---- Listed entries

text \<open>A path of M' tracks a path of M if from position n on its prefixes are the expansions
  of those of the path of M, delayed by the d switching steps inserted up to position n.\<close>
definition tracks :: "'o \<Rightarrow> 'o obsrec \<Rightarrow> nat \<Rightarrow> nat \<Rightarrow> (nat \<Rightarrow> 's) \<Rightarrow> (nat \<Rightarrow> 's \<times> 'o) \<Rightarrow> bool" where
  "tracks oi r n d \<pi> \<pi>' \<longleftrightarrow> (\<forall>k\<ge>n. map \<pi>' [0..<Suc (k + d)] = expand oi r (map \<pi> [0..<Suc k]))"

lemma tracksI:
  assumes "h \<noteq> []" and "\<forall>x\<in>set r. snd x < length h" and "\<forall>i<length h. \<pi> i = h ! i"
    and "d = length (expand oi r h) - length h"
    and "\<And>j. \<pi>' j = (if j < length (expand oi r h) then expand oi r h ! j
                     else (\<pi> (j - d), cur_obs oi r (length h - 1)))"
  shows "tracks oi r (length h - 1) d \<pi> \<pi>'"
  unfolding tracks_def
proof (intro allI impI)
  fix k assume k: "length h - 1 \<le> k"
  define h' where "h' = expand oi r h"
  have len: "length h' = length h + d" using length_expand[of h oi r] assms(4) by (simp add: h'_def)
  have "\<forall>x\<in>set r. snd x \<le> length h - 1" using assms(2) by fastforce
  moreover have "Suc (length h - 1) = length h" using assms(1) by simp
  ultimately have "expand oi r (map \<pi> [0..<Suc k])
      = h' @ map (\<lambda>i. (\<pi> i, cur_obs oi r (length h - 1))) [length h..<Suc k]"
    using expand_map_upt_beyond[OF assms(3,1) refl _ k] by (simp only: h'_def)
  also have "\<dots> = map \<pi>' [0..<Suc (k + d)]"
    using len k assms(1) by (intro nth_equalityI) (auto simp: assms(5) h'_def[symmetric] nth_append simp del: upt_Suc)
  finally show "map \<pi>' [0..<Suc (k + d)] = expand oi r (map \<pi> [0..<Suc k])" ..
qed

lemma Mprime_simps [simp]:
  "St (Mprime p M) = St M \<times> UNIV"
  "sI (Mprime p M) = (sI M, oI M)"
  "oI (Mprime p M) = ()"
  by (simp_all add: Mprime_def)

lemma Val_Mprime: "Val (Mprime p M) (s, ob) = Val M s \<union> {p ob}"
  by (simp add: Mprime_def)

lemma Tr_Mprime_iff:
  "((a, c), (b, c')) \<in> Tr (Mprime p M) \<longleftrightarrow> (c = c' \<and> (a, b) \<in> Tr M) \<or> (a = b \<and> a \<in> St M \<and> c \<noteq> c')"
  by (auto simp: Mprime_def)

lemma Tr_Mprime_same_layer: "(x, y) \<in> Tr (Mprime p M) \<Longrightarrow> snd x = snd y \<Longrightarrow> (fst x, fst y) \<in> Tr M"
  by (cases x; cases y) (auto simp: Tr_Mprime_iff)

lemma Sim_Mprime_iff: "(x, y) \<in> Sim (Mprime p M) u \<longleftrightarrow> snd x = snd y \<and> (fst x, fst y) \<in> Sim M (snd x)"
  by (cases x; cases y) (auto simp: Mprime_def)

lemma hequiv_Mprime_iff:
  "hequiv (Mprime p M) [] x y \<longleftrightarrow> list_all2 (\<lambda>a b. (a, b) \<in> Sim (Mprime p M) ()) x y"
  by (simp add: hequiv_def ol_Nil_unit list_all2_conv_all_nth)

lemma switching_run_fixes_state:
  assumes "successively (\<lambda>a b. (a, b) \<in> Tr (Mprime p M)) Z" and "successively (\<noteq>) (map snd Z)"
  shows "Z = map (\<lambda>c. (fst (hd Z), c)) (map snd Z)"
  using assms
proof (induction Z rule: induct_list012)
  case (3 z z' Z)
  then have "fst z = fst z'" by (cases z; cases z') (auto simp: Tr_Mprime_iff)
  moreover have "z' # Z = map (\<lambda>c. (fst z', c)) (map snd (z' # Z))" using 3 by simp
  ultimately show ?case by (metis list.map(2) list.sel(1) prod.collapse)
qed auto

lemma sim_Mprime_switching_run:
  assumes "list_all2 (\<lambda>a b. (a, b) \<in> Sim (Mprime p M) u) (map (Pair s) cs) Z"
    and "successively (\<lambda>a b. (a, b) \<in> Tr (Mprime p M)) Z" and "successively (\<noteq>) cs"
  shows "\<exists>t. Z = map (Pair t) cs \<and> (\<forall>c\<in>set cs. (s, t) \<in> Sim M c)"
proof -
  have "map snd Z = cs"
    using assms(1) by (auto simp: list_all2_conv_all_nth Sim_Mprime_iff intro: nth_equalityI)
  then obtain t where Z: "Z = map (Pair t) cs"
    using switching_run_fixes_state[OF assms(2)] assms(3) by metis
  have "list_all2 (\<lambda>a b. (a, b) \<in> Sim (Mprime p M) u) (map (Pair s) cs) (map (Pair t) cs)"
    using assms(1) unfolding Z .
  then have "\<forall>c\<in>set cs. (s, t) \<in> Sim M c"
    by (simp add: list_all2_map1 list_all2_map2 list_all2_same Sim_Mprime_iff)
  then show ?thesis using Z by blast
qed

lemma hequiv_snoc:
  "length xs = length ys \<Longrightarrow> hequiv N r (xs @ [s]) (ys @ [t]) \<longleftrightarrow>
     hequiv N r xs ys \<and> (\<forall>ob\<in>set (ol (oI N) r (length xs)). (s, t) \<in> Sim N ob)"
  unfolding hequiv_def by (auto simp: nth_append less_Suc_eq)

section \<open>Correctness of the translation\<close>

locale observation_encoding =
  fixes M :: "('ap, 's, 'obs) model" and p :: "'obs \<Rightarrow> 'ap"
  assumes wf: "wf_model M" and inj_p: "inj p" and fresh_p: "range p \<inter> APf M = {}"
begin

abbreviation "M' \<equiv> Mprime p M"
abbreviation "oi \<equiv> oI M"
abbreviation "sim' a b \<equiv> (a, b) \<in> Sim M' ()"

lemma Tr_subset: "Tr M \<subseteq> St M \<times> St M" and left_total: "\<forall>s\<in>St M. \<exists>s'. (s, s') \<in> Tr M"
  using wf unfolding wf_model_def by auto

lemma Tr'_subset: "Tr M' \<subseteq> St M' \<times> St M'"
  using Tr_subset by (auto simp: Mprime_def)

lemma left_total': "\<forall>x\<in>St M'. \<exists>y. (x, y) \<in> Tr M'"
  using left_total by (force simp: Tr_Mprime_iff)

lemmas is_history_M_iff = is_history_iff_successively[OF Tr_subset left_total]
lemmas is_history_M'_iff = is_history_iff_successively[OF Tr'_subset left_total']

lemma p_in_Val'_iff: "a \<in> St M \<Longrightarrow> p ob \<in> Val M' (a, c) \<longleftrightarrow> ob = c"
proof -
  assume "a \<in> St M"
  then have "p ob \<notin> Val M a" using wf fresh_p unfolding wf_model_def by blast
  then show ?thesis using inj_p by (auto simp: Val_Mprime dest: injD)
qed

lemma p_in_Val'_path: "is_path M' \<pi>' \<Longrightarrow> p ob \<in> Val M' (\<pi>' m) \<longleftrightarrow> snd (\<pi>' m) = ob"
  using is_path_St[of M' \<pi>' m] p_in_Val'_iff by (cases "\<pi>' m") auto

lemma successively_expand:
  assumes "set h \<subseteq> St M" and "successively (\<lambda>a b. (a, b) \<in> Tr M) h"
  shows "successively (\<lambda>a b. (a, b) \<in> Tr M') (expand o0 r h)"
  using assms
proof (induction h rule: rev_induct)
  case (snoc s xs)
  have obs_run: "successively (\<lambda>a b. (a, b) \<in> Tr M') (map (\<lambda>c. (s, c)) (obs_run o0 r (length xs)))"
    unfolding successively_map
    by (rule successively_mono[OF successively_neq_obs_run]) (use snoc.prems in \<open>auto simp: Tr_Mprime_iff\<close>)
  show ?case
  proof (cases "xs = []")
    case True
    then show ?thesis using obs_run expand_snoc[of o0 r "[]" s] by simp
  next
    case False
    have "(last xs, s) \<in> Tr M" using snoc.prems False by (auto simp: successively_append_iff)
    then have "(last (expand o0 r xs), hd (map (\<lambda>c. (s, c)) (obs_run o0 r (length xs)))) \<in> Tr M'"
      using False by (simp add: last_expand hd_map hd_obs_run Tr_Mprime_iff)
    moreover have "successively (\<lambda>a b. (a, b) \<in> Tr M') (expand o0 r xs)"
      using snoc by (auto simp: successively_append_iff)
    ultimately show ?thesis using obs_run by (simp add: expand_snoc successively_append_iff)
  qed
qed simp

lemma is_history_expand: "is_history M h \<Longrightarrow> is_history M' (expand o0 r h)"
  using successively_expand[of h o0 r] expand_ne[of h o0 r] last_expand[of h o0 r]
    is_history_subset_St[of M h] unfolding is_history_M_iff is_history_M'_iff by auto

--------

Scan the material line by line and report each one that contains "rule".

#### Task output
proof (induction Z rule: induct_list012)
proof (induction h rule: rev_induct)
    by (rule successively_mono[OF successively_neq_obs_run]) (use snoc.prems in \<open>auto simp: Tr_Mprime_iff\<close>)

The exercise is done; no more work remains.